* _Instructions for the task_:
Your job with the data below is to output exactly the lines from the one holding "a \<Longrightarrow> V k" down to the one holding "b c \<Longrightarrow>", both included, and no others.

[Extracted data entries]
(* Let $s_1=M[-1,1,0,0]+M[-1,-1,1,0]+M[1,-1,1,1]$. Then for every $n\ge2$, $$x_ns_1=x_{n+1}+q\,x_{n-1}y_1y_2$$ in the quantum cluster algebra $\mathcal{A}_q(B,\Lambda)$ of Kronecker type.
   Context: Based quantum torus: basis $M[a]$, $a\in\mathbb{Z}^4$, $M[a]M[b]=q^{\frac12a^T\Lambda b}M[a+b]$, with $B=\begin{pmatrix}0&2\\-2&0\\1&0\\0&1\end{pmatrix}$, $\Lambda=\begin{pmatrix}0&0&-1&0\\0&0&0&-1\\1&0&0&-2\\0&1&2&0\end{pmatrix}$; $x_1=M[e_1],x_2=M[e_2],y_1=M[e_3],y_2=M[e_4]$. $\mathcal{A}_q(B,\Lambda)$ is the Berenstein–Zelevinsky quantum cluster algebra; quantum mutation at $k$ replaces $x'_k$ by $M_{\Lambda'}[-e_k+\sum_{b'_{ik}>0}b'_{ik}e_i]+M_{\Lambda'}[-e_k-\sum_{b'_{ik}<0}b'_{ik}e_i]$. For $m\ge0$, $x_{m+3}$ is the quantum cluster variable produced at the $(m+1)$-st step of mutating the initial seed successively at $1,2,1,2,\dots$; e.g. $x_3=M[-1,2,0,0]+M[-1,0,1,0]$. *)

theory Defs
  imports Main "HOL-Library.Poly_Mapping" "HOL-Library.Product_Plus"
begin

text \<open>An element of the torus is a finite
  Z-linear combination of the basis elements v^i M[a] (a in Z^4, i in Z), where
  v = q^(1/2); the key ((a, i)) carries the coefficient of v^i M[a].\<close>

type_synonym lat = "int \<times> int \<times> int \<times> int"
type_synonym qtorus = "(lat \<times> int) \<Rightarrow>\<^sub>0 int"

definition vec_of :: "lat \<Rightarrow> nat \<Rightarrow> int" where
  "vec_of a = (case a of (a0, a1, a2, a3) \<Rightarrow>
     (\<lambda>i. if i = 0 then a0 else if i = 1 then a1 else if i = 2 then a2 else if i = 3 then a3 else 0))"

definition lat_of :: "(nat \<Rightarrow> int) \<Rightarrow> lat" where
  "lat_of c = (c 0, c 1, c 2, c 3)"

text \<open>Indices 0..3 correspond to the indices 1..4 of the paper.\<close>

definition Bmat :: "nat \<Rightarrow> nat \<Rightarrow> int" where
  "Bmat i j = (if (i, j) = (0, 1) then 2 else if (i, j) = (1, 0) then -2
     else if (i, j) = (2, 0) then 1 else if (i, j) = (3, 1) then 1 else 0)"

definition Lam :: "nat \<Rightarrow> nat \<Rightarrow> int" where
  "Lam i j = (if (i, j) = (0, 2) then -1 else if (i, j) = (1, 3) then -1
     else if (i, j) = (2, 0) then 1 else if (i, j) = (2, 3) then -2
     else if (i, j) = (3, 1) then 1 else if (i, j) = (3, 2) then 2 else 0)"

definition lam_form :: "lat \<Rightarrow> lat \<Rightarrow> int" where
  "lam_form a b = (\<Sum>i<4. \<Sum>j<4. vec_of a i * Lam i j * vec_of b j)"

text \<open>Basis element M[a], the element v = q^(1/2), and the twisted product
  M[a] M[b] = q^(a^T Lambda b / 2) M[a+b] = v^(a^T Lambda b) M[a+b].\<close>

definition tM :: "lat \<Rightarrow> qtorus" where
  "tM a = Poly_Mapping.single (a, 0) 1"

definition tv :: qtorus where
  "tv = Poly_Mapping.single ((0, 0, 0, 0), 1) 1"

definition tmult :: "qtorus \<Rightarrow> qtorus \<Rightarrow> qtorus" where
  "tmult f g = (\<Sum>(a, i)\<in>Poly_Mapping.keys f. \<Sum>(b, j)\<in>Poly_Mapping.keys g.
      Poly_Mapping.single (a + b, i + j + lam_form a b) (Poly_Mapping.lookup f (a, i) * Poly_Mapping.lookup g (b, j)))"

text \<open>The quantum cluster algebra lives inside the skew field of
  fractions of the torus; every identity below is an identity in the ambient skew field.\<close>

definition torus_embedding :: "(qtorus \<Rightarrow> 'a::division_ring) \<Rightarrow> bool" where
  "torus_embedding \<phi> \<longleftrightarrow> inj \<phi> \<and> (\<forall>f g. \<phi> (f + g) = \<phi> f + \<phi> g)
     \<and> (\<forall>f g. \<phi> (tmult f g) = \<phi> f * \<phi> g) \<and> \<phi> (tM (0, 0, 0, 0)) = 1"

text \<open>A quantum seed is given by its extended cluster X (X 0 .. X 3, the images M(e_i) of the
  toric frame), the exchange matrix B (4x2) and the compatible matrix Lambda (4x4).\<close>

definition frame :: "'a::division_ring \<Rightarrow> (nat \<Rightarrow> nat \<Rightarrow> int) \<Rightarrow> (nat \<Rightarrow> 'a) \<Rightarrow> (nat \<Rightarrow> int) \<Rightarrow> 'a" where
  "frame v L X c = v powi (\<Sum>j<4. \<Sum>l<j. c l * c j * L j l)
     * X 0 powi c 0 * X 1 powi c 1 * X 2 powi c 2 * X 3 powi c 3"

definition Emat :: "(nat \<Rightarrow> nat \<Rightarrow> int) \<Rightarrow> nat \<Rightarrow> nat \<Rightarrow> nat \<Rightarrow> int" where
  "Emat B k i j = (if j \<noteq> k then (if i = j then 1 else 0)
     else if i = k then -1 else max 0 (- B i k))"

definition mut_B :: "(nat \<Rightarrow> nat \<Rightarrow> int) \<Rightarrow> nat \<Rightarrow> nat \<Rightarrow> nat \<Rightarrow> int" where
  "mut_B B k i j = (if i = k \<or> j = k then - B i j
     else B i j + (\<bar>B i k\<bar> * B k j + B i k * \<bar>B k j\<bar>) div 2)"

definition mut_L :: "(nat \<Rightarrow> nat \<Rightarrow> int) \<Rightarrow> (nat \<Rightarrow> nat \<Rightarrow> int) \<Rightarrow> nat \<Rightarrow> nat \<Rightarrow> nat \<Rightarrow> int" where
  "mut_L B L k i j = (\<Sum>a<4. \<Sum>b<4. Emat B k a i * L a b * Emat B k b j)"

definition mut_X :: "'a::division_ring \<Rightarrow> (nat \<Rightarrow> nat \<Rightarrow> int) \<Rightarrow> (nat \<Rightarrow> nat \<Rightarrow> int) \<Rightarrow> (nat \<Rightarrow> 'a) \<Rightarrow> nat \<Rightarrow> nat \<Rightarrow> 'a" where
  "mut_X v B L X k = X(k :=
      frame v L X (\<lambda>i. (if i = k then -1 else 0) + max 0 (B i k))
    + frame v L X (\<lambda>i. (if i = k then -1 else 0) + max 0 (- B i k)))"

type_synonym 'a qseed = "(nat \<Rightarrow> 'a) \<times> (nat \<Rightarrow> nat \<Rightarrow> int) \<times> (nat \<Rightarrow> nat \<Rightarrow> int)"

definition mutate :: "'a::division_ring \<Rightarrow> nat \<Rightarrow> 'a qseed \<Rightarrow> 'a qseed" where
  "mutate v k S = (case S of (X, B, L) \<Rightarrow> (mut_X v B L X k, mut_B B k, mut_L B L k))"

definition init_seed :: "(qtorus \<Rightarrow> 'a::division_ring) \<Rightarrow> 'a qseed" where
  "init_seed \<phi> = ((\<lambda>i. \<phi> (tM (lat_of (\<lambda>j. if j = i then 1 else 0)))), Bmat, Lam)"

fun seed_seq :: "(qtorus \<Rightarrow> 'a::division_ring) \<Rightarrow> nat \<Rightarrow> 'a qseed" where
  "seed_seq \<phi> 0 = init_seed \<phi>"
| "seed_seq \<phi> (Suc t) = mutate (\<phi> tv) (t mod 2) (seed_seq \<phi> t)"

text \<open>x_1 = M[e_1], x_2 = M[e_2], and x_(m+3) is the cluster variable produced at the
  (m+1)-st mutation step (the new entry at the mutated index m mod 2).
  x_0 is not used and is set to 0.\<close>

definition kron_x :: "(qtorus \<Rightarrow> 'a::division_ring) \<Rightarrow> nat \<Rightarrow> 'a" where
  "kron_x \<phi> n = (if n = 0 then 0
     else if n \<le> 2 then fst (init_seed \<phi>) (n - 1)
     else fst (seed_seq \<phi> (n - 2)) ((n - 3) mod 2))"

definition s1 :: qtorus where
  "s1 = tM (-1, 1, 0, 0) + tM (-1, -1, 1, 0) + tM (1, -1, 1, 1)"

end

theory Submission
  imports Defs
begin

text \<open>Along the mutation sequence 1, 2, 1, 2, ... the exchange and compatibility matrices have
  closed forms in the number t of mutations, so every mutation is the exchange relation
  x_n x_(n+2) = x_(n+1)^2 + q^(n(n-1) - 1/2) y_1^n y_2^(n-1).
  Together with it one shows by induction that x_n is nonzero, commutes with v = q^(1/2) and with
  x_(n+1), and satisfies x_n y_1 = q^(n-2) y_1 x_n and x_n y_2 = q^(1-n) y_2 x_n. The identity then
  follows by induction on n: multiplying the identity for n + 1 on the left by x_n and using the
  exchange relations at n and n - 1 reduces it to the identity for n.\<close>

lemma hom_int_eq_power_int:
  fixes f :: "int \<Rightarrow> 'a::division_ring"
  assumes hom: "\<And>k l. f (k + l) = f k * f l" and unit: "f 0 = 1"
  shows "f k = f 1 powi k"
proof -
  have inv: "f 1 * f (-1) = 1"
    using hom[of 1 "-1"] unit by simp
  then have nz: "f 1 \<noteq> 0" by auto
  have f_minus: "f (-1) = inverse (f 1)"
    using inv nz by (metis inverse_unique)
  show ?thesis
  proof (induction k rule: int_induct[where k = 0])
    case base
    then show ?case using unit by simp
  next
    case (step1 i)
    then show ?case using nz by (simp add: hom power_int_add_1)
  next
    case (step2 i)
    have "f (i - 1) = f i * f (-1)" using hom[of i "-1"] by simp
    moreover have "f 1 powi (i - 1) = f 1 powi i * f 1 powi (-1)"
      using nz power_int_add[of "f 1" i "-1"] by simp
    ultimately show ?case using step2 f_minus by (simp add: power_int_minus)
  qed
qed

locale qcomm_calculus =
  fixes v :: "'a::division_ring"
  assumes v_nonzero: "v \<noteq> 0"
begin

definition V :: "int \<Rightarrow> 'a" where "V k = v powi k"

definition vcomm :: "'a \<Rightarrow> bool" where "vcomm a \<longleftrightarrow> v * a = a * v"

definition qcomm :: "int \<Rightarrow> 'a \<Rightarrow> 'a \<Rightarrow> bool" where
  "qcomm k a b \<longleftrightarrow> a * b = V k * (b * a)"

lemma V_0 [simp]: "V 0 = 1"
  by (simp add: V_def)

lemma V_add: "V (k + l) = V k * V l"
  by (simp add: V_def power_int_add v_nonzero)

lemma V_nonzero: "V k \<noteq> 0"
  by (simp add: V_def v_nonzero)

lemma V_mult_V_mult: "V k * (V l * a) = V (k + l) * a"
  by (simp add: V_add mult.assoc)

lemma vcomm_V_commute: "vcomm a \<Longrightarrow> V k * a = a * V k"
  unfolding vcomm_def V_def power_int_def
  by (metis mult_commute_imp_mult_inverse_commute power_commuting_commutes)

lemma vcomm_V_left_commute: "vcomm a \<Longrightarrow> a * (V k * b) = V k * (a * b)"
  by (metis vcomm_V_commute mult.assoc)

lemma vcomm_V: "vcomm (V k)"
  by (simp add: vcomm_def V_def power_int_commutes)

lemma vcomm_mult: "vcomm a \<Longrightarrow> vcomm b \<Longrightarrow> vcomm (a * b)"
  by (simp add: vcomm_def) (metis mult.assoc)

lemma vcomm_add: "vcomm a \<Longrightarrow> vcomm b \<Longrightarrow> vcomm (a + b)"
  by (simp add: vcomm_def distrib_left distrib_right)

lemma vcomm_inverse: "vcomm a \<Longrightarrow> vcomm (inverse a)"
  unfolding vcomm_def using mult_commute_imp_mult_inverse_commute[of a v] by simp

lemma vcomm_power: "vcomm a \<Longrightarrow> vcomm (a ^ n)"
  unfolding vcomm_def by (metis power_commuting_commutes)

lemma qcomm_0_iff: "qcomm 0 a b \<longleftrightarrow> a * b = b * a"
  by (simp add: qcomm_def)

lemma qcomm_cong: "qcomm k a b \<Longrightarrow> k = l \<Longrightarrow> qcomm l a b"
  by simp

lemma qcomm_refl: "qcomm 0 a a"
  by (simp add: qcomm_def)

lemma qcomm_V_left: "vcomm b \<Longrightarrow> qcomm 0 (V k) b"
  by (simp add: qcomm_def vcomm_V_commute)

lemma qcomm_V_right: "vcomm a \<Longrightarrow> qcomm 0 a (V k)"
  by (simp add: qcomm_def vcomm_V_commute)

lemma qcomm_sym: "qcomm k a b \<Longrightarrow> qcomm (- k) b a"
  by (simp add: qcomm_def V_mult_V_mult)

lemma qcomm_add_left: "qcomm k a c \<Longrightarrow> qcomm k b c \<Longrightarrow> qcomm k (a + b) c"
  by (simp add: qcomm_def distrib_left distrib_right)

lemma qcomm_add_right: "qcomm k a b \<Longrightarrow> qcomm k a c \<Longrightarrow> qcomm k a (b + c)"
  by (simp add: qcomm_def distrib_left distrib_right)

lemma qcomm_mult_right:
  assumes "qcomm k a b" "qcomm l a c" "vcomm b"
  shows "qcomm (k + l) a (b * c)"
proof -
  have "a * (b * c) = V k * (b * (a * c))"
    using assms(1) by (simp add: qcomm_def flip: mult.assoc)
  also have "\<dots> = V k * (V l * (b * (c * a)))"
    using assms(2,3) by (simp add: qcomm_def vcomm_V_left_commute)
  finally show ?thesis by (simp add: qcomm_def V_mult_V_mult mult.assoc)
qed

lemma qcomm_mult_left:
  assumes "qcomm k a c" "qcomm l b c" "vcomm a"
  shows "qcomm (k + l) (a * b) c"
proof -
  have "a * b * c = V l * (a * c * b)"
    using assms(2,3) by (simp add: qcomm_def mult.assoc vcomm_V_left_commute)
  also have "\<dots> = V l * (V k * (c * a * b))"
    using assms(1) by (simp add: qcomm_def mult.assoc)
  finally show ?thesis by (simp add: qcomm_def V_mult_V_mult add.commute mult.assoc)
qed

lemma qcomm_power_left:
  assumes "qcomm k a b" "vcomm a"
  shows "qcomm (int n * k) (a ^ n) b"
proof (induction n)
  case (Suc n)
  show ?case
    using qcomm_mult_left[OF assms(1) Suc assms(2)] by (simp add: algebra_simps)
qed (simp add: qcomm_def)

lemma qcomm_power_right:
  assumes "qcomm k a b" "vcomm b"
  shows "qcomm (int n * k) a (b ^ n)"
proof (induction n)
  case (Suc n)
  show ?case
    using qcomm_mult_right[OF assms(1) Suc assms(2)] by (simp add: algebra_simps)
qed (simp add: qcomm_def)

* _Output below_:
lemma vcomm_V_commute: "vcomm a \<Longrightarrow> V k * a = a * V k"
  unfolding vcomm_def V_def power_int_def
  by (metis mult_commute_imp_mult_inverse_commute power_commuting_commutes)

lemma vcomm_V_left_commute: "vcomm a \<Longrightarrow> a * (V k * b) = V k * (a * b)"
  by (metis vcomm_V_commute mult.assoc)

lemma vcomm_V: "vcomm (V k)"
  by (simp add: vcomm_def V_def power_int_commutes)

lemma vcomm_mult: "vcomm a \<Longrightarrow> vcomm b \<Longrightarrow> vcomm (a * b)"
  by (simp add: vcomm_def) (metis mult.assoc)

lemma vcomm_add: "vcomm a \<Longrightarrow> vcomm b \<Longrightarrow> vcomm (a + b)"
  by (simp add: vcomm_def distrib_left distrib_right)

lemma vcomm_inverse: "vcomm a \<Longrightarrow> vcomm (inverse a)"
  unfolding vcomm_def using mult_commute_imp_mult_inverse_commute[of a v] by simp

lemma vcomm_power: "vcomm a \<Longrightarrow> vcomm (a ^ n)"
  unfolding vcomm_def by (metis power_commuting_commutes)

lemma qcomm_0_iff: "qcomm 0 a b \<longleftrightarrow> a * b = b * a"
  by (simp add: qcomm_def)

lemma qcomm_cong: "qcomm k a b \<Longrightarrow> k = l \<Longrightarrow> qcomm l a b"
  by simp

lemma qcomm_refl: "qcomm 0 a a"
  by (simp add: qcomm_def)

lemma qcomm_V_left: "vcomm b \<Longrightarrow> qcomm 0 (V k) b"
  by (simp add: qcomm_def vcomm_V_commute)

lemma qcomm_V_right: "vcomm a \<Longrightarrow> qcomm 0 a (V k)"
  by (simp add: qcomm_def vcomm_V_commute)

lemma qcomm_sym: "qcomm k a b \<Longrightarrow> qcomm (- k) b a"
  by (simp add: qcomm_def V_mult_V_mult)

lemma qcomm_add_left: "qcomm k a c \<Longrightarrow> qcomm k b c \<Longrightarrow> qcomm k (a + b) c"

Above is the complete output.